— А как же все свидетели?

— Никаких свидетелей не было.

— Люди в окнах через дорогу. Мы были у них как на ладони.

— О нет! — успокаивающе затряс Беззаконец головой в косичках. — Эти окна просвечивают только в одну сторону. У меня были такие же.

— Значит, никто не видел?

— Никто. А даже если бы и видели… Он пытался убить нас. То была самооборона, Феликс.

— Не хочет ли кто-нибудь из вас, милые мои, чаю? — предложила наша хозяйка.

— С удовольствием съел бы английский завтрак, если он у вас есть, мэм, — признался я.

Она улыбнулась:

— Арч, он мне нравится. Ты держись за него.

— Красотка, он не хочет работать у меня. Считает, что это чересчур опасно.

Женщина опять улыбнулась:

— Тебе зеленого чая?

Беззаконец кивнул, и она покинула гостиную.

— Как вы ее назвали? — промямлил я.

— Красотка.

— Красотка Вторник?

— Она тебя еще не спрашивала, католик ты или нет?

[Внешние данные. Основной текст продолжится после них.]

(* For $s \in J$ and $f \in Y$, the stochastic process $(V(s,t)f)_{t \in J(s)}$ is adapted to the augmented filtration \[ \mathcal{F}_t(s):=\sigma \left[x_{n \wedge N_s(t)}(s), T_{n \wedge N_s(t)}(s) : n \in \mathbb{N} \right] \vee \sigma(\mathbb{P}\text{-null sets}), \qquad t\in J(s), \] i.e. $V(s,t)f$ is $\mathcal F_t(s)$–Borel$(Y)$ measurable for every $t\in J(s)$.
   Context: $(Y,\|\cdot\|)$ is a real separable Banach space with Borel $\sigma$-algebra $\mathcal Y$; $J$ is $\mathbb{R}^+$ or $[0,T_\infty]$, $\Delta_J=\{(s,t)\in J^2:s\le t\}$, $J(s)=\{t\in J:t\ge s\}$. An inhomogeneous $Y$-semigroup is a map $\Gamma:\Delta_J\to\mathcal B(Y)$ with $\Gamma(t,t)=I$ and $\Gamma(s,r)\Gamma(r,t)=\Gamma(s,t)$ for $s\le r\le t$. Let $(\Omega,\mathcal F,\mathbb P)$ be a complete probability space, $X$ a finite set with $\sigma$-algebra $\mathcal X$ of all subsets, $(x_n)_{n\ge0}$ $X$-valued and $(\tau_n)_{n\ge1}$ $(0,\infty)$-valued random variables, $\tau_0=0$, $T_n=\sum_{k=0}^n\tau_k$, such that $(x_n,T_n)$ is a Markov renewal process: there is a semi-Markov kernel $Q$ with $\mathbb P[x_{n+1}=y,T_{n+1}-T_n\le t\mid x_k,T_k,k\le n]=Q(x_n,y,t)$ a.s. Let $N(t)=\sup\{n:T_n\le t\}$; $\Omega$ is replaced by the full-measure event $\{N(t)<\infty\ \forall t\in\mathbb Q\}$ (with restricted $\sigma$-algebra and probability). Set $x(t)=x_{N(t)}$, and for $s\le t$: $N_s(t)=N(t)-N(s)$, $T_0(s)=s$, $T_n(s)=T_{N(s)+n}$ for $n\ge1$, $x_n(s)=x(T_n(s))$. Let $(\Gamma_x)_{x\in X}$ be inhomogeneous $Y$-semigroups such that for each $s\in J$, $(r,t,x,f)\mapsto\Gamma_x(r\wedge t,r\vee t)f$ is $\mathrm{Bor}(J(s))\otimes\mathrm{Bor}(J(s))\otimes\mathcal X\otimes\mathcal Y$–$\mathcal Y$ measurable, and $(D(x,y))_{x,y\in X}\subseteq\mathcal B(Y)$ contractions ($\|D(x,y)\|\le1$) with $(x,y,f)\mapsto D(x,y)f$ measurable. The inhomogeneous random evolution is defined pathwise for $(s,t)\in\Delta_J$ by $V(s,t)=\Big[\prod_{k=1}^{N_s(t)}\Gamma_{x_{k-1}(s)}(T_{k-1}(s),T_k(s))D(x_{k-1}(s),x_k(s))\Big]\Gamma_{x(t)}(T_{N_s(t)}(s),t)$, where the product is ordered left to right ($\prod_{k=1}^nA_k=A_1\cdots A_n$) and the empty product is $I$. *)

theory Defs
  imports "HOL-Probability.Probability"
begin

definition time_domain :: "real set \<Rightarrow> bool" where
  "time_domain J \<longleftrightarrow> J = {0..} \<or> (\<exists>Tinf>0. J = {0..Tinf})"

definition Jfrom :: "real set \<Rightarrow> real \<Rightarrow> real set" where
  "Jfrom J s = {t \<in> J. s \<le> t}"

definition inhom_semigroup ::
  "real set \<Rightarrow> (real \<Rightarrow> real \<Rightarrow> ('y::real_normed_vector \<Rightarrow>\<^sub>L 'y)) \<Rightarrow> bool" where
  "inhom_semigroup J G \<longleftrightarrow>
     (\<forall>t\<in>J. G t t = id_blinfun) \<and>
     (\<forall>s\<in>J. \<forall>r\<in>J. \<forall>t\<in>J. s \<le> r \<and> r \<le> t \<longrightarrow> G s r o\<^sub>L G r t = G s t)"

definition renT :: "(nat \<Rightarrow> 'a \<Rightarrow> real) \<Rightarrow> nat \<Rightarrow> 'a \<Rightarrow> real" where
  "renT tau n \<omega> = (\<Sum>k\<in>{1..n}. tau k \<omega>)"

definition renN :: "(nat \<Rightarrow> 'a \<Rightarrow> real) \<Rightarrow> real \<Rightarrow> 'a \<Rightarrow> nat" where
  "renN tau t \<omega> = Max {n. renT tau n \<omega> \<le> t}"

definition xproc :: "(nat \<Rightarrow> 'a \<Rightarrow> 'x) \<Rightarrow> (nat \<Rightarrow> 'a \<Rightarrow> real) \<Rightarrow> real \<Rightarrow> 'a \<Rightarrow> 'x" where
  "xproc xs tau t \<omega> = xs (renN tau t \<omega>) \<omega>"

definition Ns :: "(nat \<Rightarrow> 'a \<Rightarrow> real) \<Rightarrow> real \<Rightarrow> real \<Rightarrow> 'a \<Rightarrow> nat" where
  "Ns tau s t \<omega> = renN tau t \<omega> - renN tau s \<omega>"

definition Tk :: "(nat \<Rightarrow> 'a \<Rightarrow> real) \<Rightarrow> real \<Rightarrow> nat \<Rightarrow> 'a \<Rightarrow> real" where
  "Tk tau s n \<omega> = (if n = 0 then s else renT tau (renN tau s \<omega> + n) \<omega>)"

definition xk :: "(nat \<Rightarrow> 'a \<Rightarrow> 'x) \<Rightarrow> (nat \<Rightarrow> 'a \<Rightarrow> real) \<Rightarrow> real \<Rightarrow> nat \<Rightarrow> 'a \<Rightarrow> 'x" where
  "xk xs tau s n \<omega> = xproc xs tau (Tk tau s n \<omega>) \<omega>"

fun lprod :: "(nat \<Rightarrow> ('y::real_normed_vector \<Rightarrow>\<^sub>L 'y)) \<Rightarrow> nat \<Rightarrow> ('y \<Rightarrow>\<^sub>L 'y)" where
  "lprod A 0 = id_blinfun"
| "lprod A (Suc n) = lprod A n o\<^sub>L A (Suc n)"

definition rand_evol ::
  "('x \<Rightarrow> real \<Rightarrow> real \<Rightarrow> ('y::real_normed_vector \<Rightarrow>\<^sub>L 'y)) \<Rightarrow> ('x \<Rightarrow> 'x \<Rightarrow> ('y \<Rightarrow>\<^sub>L 'y)) \<Rightarrow>
   (nat \<Rightarrow> 'a \<Rightarrow> 'x) \<Rightarrow> (nat \<Rightarrow> 'a \<Rightarrow> real) \<Rightarrow> real \<Rightarrow> real \<Rightarrow> 'a \<Rightarrow> ('y \<Rightarrow>\<^sub>L 'y)" where
  "rand_evol G D xs tau s t \<omega> =
     lprod (\<lambda>k. G (xk xs tau s (k - 1) \<omega>) (Tk tau s (k - 1) \<omega>) (Tk tau s k \<omega>)
                 o\<^sub>L D (xk xs tau s (k - 1) \<omega>) (xk xs tau s k \<omega>))
           (Ns tau s t \<omega>)
     o\<^sub>L G (xproc xs tau t \<omega>) (Tk tau s (Ns tau s t \<omega>) \<omega>) t"

definition mrp_past :: "'a measure \<Rightarrow> (nat \<Rightarrow> 'a \<Rightarrow> 'x) \<Rightarrow> (nat \<Rightarrow> 'a \<Rightarrow> real) \<Rightarrow> nat \<Rightarrow> 'a measure" where
  "mrp_past M xs tau n = sigma (space M)
     (\<Union>k\<in>{..n}. {xs k -` A \<inter> space M | A. True} \<union>
                 {renT tau k -` B \<inter> space M | B. B \<in> sets borel})"

definition markov_renewal :: "'a measure \<Rightarrow> (nat \<Rightarrow> 'a \<Rightarrow> 'x) \<Rightarrow> (nat \<Rightarrow> 'a \<Rightarrow> real) \<Rightarrow>
    ('x \<Rightarrow> 'x \<Rightarrow> real \<Rightarrow> real) \<Rightarrow> bool" where
  "markov_renewal M xs tau Q \<longleftrightarrow>
     (\<forall>n y t. AE \<omega> in M.
        real_cond_exp M (mrp_past M xs tau n)
          (indicator {\<omega>' \<in> space M. xs (Suc n) \<omega>' = y \<and> renT tau (Suc n) \<omega>' - renT tau n \<omega>' \<le> t}) \<omega>
        = Q (xs n \<omega>) y t)"

definition aug_filt :: "'a measure \<Rightarrow> (nat \<Rightarrow> 'a \<Rightarrow> 'x) \<Rightarrow> (nat \<Rightarrow> 'a \<Rightarrow> real) \<Rightarrow> real \<Rightarrow> real \<Rightarrow> 'a measure" where
  "aug_filt M xs tau s t = sigma (space M)
     ((\<Union>n. {(\<lambda>\<omega>. xk xs tau s (min n (Ns tau s t \<omega>)) \<omega>) -` A \<inter> space M | A. True}) \<union>
      (\<Union>n. {(\<lambda>\<omega>. Tk tau s (min n (Ns tau s t \<omega>)) \<omega>) -` B \<inter> space M | B. B \<in> sets borel}) \<union>
      null_sets M)"

end

theory Submission
  imports Defs
begin

text \<open>Pathwise, V(s,t) only involves the stopped sequences x_{n\<and>N}(s) and T_{n\<and>N}(s),
  N = N_s(t), which generate \<open>\<F>\<^sub>t(s)\<close>: it is the N-th member of a sequence of products
  built from them, and each member is a composition of the measurable maps \<Gamma> and D with
  these generators. The index N is itself measurable: since jump times strictly increase,
  N is the first index at which the stopped jump times stop moving. Composing with the
  countably valued N gives the claim.\<close>

lemma renT_0 [simp]: "renT tau 0 \<omega> = 0"
  by (simp add: renT_def)

lemma renT_Suc: "renT tau (Suc n) \<omega> = renT tau n \<omega> + tau (Suc n) \<omega>"
  by (simp add: renT_def sum.cl_ivl_Suc)

locale renewal_path =
  fixes tau :: "nat \<Rightarrow> 'a \<Rightarrow> real" and \<omega> :: 'a
  assumes tau_pos: "\<And>n. n \<ge> 1 \<Longrightarrow> tau n \<omega> > 0"
    and finite_renT_le_rat: "\<And>r. r \<in> \<rat> \<Longrightarrow> finite {n. renT tau n \<omega> \<le> r}"
begin

lemma renT_less: "i < j \<Longrightarrow> renT tau i \<omega> < renT tau j \<omega>"
  by (rule lift_Suc_mono_less[of "\<lambda>n. renT tau n \<omega>"]) (auto simp: renT_Suc intro: tau_pos)

lemma renT_le_iff: "renT tau i \<omega> \<le> renT tau j \<omega> \<longleftrightarrow> i \<le> j"
  using renT_less[of i j] renT_less[of j i] by (cases i j rule: linorder_cases) auto

lemma renT_nonneg: "renT tau j \<omega> \<ge> 0"
  using renT_le_iff[of 0 j] by simp

lemma finite_renT_le: "finite {n. renT tau n \<omega> \<le> r}"
proof (rule finite_subset)
  show "{n. renT tau n \<omega> \<le> r} \<subseteq> {n. renT tau n \<omega> \<le> of_int \<lceil>r\<rceil>}"
    using le_of_int_ceiling[of r] by (auto intro: order_trans)
qed (rule finite_renT_le_rat, simp)

lemma renT_le_iff_le_renN:
  assumes "0 \<le> r"
  shows "renT tau j \<omega> \<le> r \<longleftrightarrow> j \<le> renN tau r \<omega>"
proof
  assume "renT tau j \<omega> \<le> r"
  then show "j \<le> renN tau r \<omega>"
    unfolding renN_def by (intro Max_ge finite_renT_le) simp
next
  have "renN tau r \<omega> \<in> {n. renT tau n \<omega> \<le> r}"
    unfolding renN_def using finite_renT_le assms by (intro Max_in) (auto intro: exI[of _ 0])
  moreover assume "j \<le> renN tau r \<omega>"
  ultimately show "renT tau j \<omega> \<le> r"
    using renT_le_iff[of j "renN tau r \<omega>"] by simp
qed

lemma less_renT_Suc_renN: "0 \<le> r \<Longrightarrow> r < renT tau (Suc (renN tau r \<omega>)) \<omega>"
  using renT_le_iff_le_renN[of r "Suc (renN tau r \<omega>)"] by simp

lemma renN_mono: "0 \<le> r \<Longrightarrow> r \<le> r' \<Longrightarrow> renN tau r \<omega> \<le> renN tau r' \<omega>"
  using renT_le_iff_le_renN[of r "renN tau r \<omega>"] renT_le_iff_le_renN[of r' "renN tau r \<omega>"]
  by simp

lemma renN_renT [simp]: "renN tau (renT tau j \<omega>) \<omega> = j"
  using renT_le_iff_le_renN[OF renT_nonneg[of j], of j]
    renT_le_iff_le_renN[OF renT_nonneg[of j], of "Suc j"] renT_le_iff[of "Suc j" j]
  by simp

lemma Tk_less:
  assumes "0 \<le> s" and "0 < j"
  shows "Tk tau s (j - 1) \<omega> < Tk tau s j \<omega>"
proof (cases "j = 1")
  case True
  then show ?thesis using less_renT_Suc_renN[OF assms(1)] by (simp add: Tk_def)
next
  case False
  then show ?thesis using assms(2) renT_less by (simp add: Tk_def)
qed

lemma mono_Tk: "0 \<le> s \<Longrightarrow> mono (\<lambda>j. Tk tau s j \<omega>)"
  using Tk_less[of s "Suc _"] by (intro mono_iff_le_Suc[THEN iffD2]) (simp add: less_imp_le)

context
  fixes s t :: real
  assumes s_nonneg: "0 \<le> s" and s_le_t: "s \<le> t"
begin

lemma renN_eq_renN_add_Ns: "renN tau t \<omega> = renN tau s \<omega> + Ns tau s t \<omega>"
  using renN_mono[OF s_nonneg s_le_t] by (simp add: Ns_def)

lemma Tk_bounds:
  assumes "j \<le> Ns tau s t \<omega>"
  shows "s \<le> Tk tau s j \<omega> \<and> Tk tau s j \<omega> \<le> t"
proof (cases "j = 0")
  case True
  then show ?thesis using s_le_t by (simp add: Tk_def)
next
  case False
  have "s \<le> Tk tau s j \<omega>"
    using mono_Tk[OF s_nonneg] monoD[of "\<lambda>j. Tk tau s j \<omega>" 0 j] by (simp add: Tk_def[of _ _ 0])
  moreover have "renT tau (renN tau s \<omega> + j) \<omega> \<le> t"
    using renT_le_iff_le_renN[of t] s_nonneg s_le_t assms renN_eq_renN_add_Ns by simp
  ultimately show ?thesis using False by (simp add: Tk_def)
qed

lemma xproc_eq_xk_Ns: "xproc xs tau t \<omega> = xk xs tau s (Ns tau s t \<omega>) \<omega>"
  using renN_eq_renN_add_Ns by (simp add: xk_def xproc_def Tk_def)

end

end

lemma lprod_cong: "(\<And>k. 1 \<le> k \<Longrightarrow> k \<le> n \<Longrightarrow> A k = B k) \<Longrightarrow> lprod A n = lprod B n"
  by (induction n) auto

lemma borel_measurable_lprod_apply:
  assumes "\<And>k h. h \<in> borel_measurable F \<Longrightarrow> (\<lambda>\<omega>. blinfun_apply (A \<omega> k) (h \<omega>)) \<in> borel_measurable F"
    and "g \<in> borel_measurable F"
  shows "(\<lambda>\<omega>. blinfun_apply (lprod (A \<omega>) n) (g \<omega>)) \<in> borel_measurable F"
  using assms(2) by (induction n arbitrary: g) (auto intro: assms(1))

text \<open>V(s,t) along a fixed path: states \<open>x\<close>, jump times \<open>T\<close> (with \<open>T 0 = s\<close>) and \<open>m\<close> jumps
  before \<open>t\<close>.\<close>

definition evol_path ::
  "('x \<Rightarrow> real \<Rightarrow> real \<Rightarrow> ('y::real_normed_vector \<Rightarrow>\<^sub>L 'y)) \<Rightarrow> ('x \<Rightarrow> 'x \<Rightarrow> ('y \<Rightarrow>\<^sub>L 'y)) \<Rightarrow>
   (nat \<Rightarrow> 'x) \<Rightarrow> (nat \<Rightarrow> real) \<Rightarrow> real \<Rightarrow> nat \<Rightarrow> ('y \<Rightarrow>\<^sub>L 'y)" where
  "evol_path G D x T t m =
     lprod (\<lambda>k. G (x (k - 1)) (T (k - 1)) (T k) o\<^sub>L D (x (k - 1)) (x k)) m o\<^sub>L G (x m) (T m) t"

lemma evol_path_cong:
  assumes "\<And>k. k \<le> m \<Longrightarrow> x k = x' k \<and> T k = T' k"
  shows "evol_path G D x T t m = evol_path G D x' T' t m"
proof -
  have "lprod (\<lambda>k. G (x (k - 1)) (T (k - 1)) (T k) o\<^sub>L D (x (k - 1)) (x k)) m =
        lprod (\<lambda>k. G (x' (k - 1)) (T' (k - 1)) (T' k) o\<^sub>L D (x' (k - 1)) (x' k)) m"
    using assms by (intro lprod_cong) simp
  then show ?thesis using assms[of m] by (simp add: evol_path_def)
qed
(* Let $p$ be prime, let $c_1,\dots,c_k$ be positive integers, and let $v\ge2$ be an integer coprime to $p$. There exist a collection of $v$-adic intervals $\{I_\ell\}_{\ell\ge1}$ in $[0,1)$ and positive integers $\alpha_\ell$ such that: (1) for each $i\in\{1,\dots,k\}$, letting $J^i_\ell$ be the smallest $pc_i$-adic interval containing $I_\ell$, the intervals $\{J^i_\ell\}_{\ell\ge1}$ are pairwise disjoint and contained in $[0,1)$; in particular the $I_\ell$ are pairwise disjoint; (2) for each $\alpha\in\mathbb{N}$ there are only finitely many $\ell$ with $\alpha_\ell=\alpha$; (3) for each $\ell\ge1$ and each $i$, there is a point $\zeta(J^i_\ell)$ which is an interior endpoint of some $pc_i$-adic child of $J^i_\ell$ such that $$0<\zeta(J^i_\ell)-Z(I_\ell)\le v^{-100\alpha_\ell}|I_\ell|.$$
   Context: For a positive integer $N$, the $N$-adic intervals are $[\frac{k-1}{N^s},\frac{k}{N^s})$, $s,k\in\mathbb{Z}$, with $N$-adic children the $N$ equal-length subintervals $[\frac{k-1}{N^s}+\frac{j-1}{N^{s+1}},\frac{k-1}{N^s}+\frac{j}{N^{s+1}})$, $1\le j\le N$. For a $v$-adic interval $I=[\frac{k-1}{v^s},\frac{k}{v^s})$, $Z(I)=\frac{k-1}{v^s}+\frac{v-1}{v^{s+1}}$ is the left endpoint of its last $v$-adic child. An interior endpoint of a child of $J$ is an endpoint of that child lying in the interior of $J$. $|I|$ is the length of $I$. *)

theory Defs
  imports "HOL-Analysis.Analysis"
begin

definition adic_interval :: "nat \<Rightarrow> int \<Rightarrow> int \<Rightarrow> real set" where
  "adic_interval N s k = {real_of_int (k - 1) / real N powi s ..< real_of_int k / real N powi s}"

definition is_adic :: "nat \<Rightarrow> real set \<Rightarrow> bool" where
  "is_adic N I \<longleftrightarrow> (\<exists>s k. I = adic_interval N s k)"

definition smallest_adic :: "nat \<Rightarrow> real set \<Rightarrow> real set" where
  "smallest_adic N I = (THE J. is_adic N J \<and> I \<subseteq> J \<and>
       (\<forall>J'. is_adic N J' \<and> I \<subseteq> J' \<longrightarrow> J \<subseteq> J'))"

definition adic_children :: "nat \<Rightarrow> real set \<Rightarrow> real set set" where
  "adic_children N J = {C. \<exists>s k (j::int). J = adic_interval N s k \<and> 1 \<le> j \<and> j \<le> int N \<and>
      C = {real_of_int (k - 1) / real N powi s + real_of_int (j - 1) / real N powi (s + 1)
           ..< real_of_int (k - 1) / real N powi s + real_of_int j / real N powi (s + 1)}}"

definition interior_child_endpoint :: "nat \<Rightarrow> real set \<Rightarrow> real \<Rightarrow> bool" where
  "interior_child_endpoint N J z \<longleftrightarrow>
     (\<exists>C \<in> adic_children N J. (z = Inf C \<or> z = Sup C) \<and> z \<in> interior J)"

text \<open>Z(I): left endpoint of the last v-adic child of the v-adic interval I.\<close>
definition Zpt :: "nat \<Rightarrow> real set \<Rightarrow> real" where
  "Zpt v I = (THE z. \<exists>s k. I = adic_interval v s k \<and>
       z = real_of_int (k - 1) / real v powi s + (real v - 1) / real v powi (s + 1))"

definition ilen :: "real set \<Rightarrow> real" where
  "ilen I = Sup I - Inf I"

end

theory Submission
  imports Defs "HOL-Number_Theory.Number_Theory"
begin
theorem riemann_sum_LIMSEQ:
  fixes h :: "real \<Rightarrow> real"
  assumes ab: "a < b" and d: "filterlim d at_top sequentially"
    and bound: "\<And>x. x \<in> {a..b} \<Longrightarrow> \<bar>h x\<bar> \<le> B"
    and "negligible N" and cont: "\<And>x. x \<in> {a<..<b} - N \<Longrightarrow> isCont h x"
  shows "(\<lambda>n. 1 / real (d n) * (\<Sum>i\<in>{1..d n}. h (grid a b (d n) i)))
           \<longlonglongrightarrow> 1 / (b - a) * integral {a..b} h"
proof -
  define S where "S = {a<..<b} - N"
  have "negligible ({a..b} - S)"
    by (rule negligible_subset[of "{a, b} \<union> N"]) (use \<open>negligible N\<close> in \<open>auto simp: S_def\<close>)
  moreover have "S - {a..b} = {}" by (auto simp: S_def)
  ultimately have spike: "negligible ((S - {a..b}) \<union> ({a..b} - S))" by simp
  have on_S: "g integrable_on S \<longleftrightarrow> g integrable_on {a..b}" "integral S g = integral {a..b} g"
    for g :: "real \<Rightarrow> real"
  proof -
    show "g integrable_on S \<longleftrightarrow> g integrable_on {a..b}" by (rule integrable_spike_set_eq[OF spike])
    show "integral S g = integral {a..b} g"
      by (rule integral_spike_set; rule negligible_subset[OF spike]) auto
  qed
  have "(\<lambda>n. integral S (right_endpoint_step a b (d n) h)) \<longlonglongrightarrow> integral S h"
  proof (rule dominated_convergence(2))
    show "right_endpoint_step a b (d n) h integrable_on S" for n
      using has_integral_right_endpoint_step[OF ab] on_S by blast
    show "(\<lambda>x. B) integrable_on S" using on_S integrable_const_ivl by blast
    show "norm (right_endpoint_step a b (d n) h x) \<le> B" if "x \<in> S" for n x
      using abs_right_endpoint_step_le[OF ab _ bound] that by (simp add: S_def)
    show "(\<lambda>n. right_endpoint_step a b (d n) h x) \<longlonglongrightarrow> h x" if "x \<in> S" for x
      using right_endpoint_step_LIMSEQ[OF ab d _ cont] that by (simp add: S_def)
  qed
  then have "(\<lambda>n. integral {a..b} (right_endpoint_step a b (d n) h)) \<longlonglongrightarrow> integral {a..b} h"
    by (simp only: on_S)
  then have "(\<lambda>n. 1 / (b - a) * integral {a..b} (right_endpoint_step a b (d n) h))
      \<longlonglongrightarrow> 1 / (b - a) * integral {a..b} h"
    by (rule tendsto_mult_left)
  moreover have "1 / (b - a) * integral {a..b} (right_endpoint_step a b (d n) h)
      = 1 / real (d n) * (\<Sum>i\<in>{1..d n}. h (grid a b (d n) i))" for n
    using integral_unique[OF has_integral_right_endpoint_step[OF ab]] ab by simp
  ultimately show ?thesis by simp
qed

section \<open>Comparing limit distributions\<close>

definition test_function :: "(real \<Rightarrow> real) \<Rightarrow> bool" where
  "test_function \<phi> \<longleftrightarrow> continuous_on UNIV \<phi> \<and> bounded {u. \<phi> u \<noteq> 0}"

definition sample_mean :: "(nat \<Rightarrow> nat) \<Rightarrow> (nat \<Rightarrow> nat \<Rightarrow> real) \<Rightarrow> nat \<Rightarrow> (real \<Rightarrow> real) \<Rightarrow> real" where
  "sample_mean d U n \<phi> = 1 / real (d n) * (\<Sum>j\<in>{1..d n}. \<phi> (U j n))"

definition plateau :: "real \<Rightarrow> real \<Rightarrow> real \<Rightarrow> real \<Rightarrow> real" where
  "plateau lo hi e u = max 0 (min 1 (min ((u - lo) / e) ((hi - u) / e)))"

lemma plateau_bounds: "0 \<le> plateau lo hi e u" "plateau lo hi e u \<le> 1"
  unfolding plateau_def by simp_all

lemma plateau_eq_1:
  assumes "e > 0" "u \<in> {lo + e..hi - e}"
  shows "plateau lo hi e u = 1"
proof -
  have "1 \<le> (u - lo) / e" "1 \<le> (hi - u) / e" using assms by (simp_all add: field_simps)
  then show ?thesis by (simp add: plateau_def)
qed

lemma plateau_eq_0:
  assumes "e > 0" "u \<notin> {lo<..<hi}"
  shows "plateau lo hi e u = 0"
proof -
  have "(u - lo) / e \<le> 0 \<or> (hi - u) / e \<le> 0"
    using assms by (auto simp: divide_nonpos_pos)
  then have "min ((u - lo) / e) ((hi - u) / e) \<le> 0" by auto
  then show ?thesis by (simp add: plateau_def)
qed

lemma plateau_ge_half:
  assumes "e > 0" "\<bar>u - z\<bar> < e / 2"
  shows "1 / 2 \<le> plateau (z - e) (z + e) e u"
proof -
  have "z - e / 2 < u" "u < z + e / 2" using assms(2) unfolding abs_less_iff by auto
  then have "1 / 2 \<le> (u - (z - e)) / e" "1 / 2 \<le> (z + e - u) / e"
    using assms(1) by (simp_all add: field_simps)
  then have "1 / 2 \<le> min 1 (min ((u - (z - e)) / e) ((z + e - u) / e))" by simp
  then show ?thesis unfolding plateau_def by (rule order.trans[OF _ max.cobounded2])
qed

lemma of_bool_le_plateau:
  assumes "e > 0" "lo + e \<le> u" "c \<le> hi - e"
  shows "of_bool (u \<le> c) \<le> plateau lo hi e u"
proof (cases "u \<le> c")
  case True
  then show ?thesis using assms plateau_eq_1[of e u lo hi] by simp
qed (simp add: plateau_bounds)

Мне почему-то в голову не приходило, что Красотка Вторник — реальный человек. Во всяком случае, не миловидная средних лет женщина, живущая в обычном, как у рабочих, доме.

— Если спросит, — продолжал Беззаконец, — скажи, что родители — да, а сам ты отступил от веры.

— Заметано.

— Теперь поговорим-ка о том, что нам предстоит сделать вечером.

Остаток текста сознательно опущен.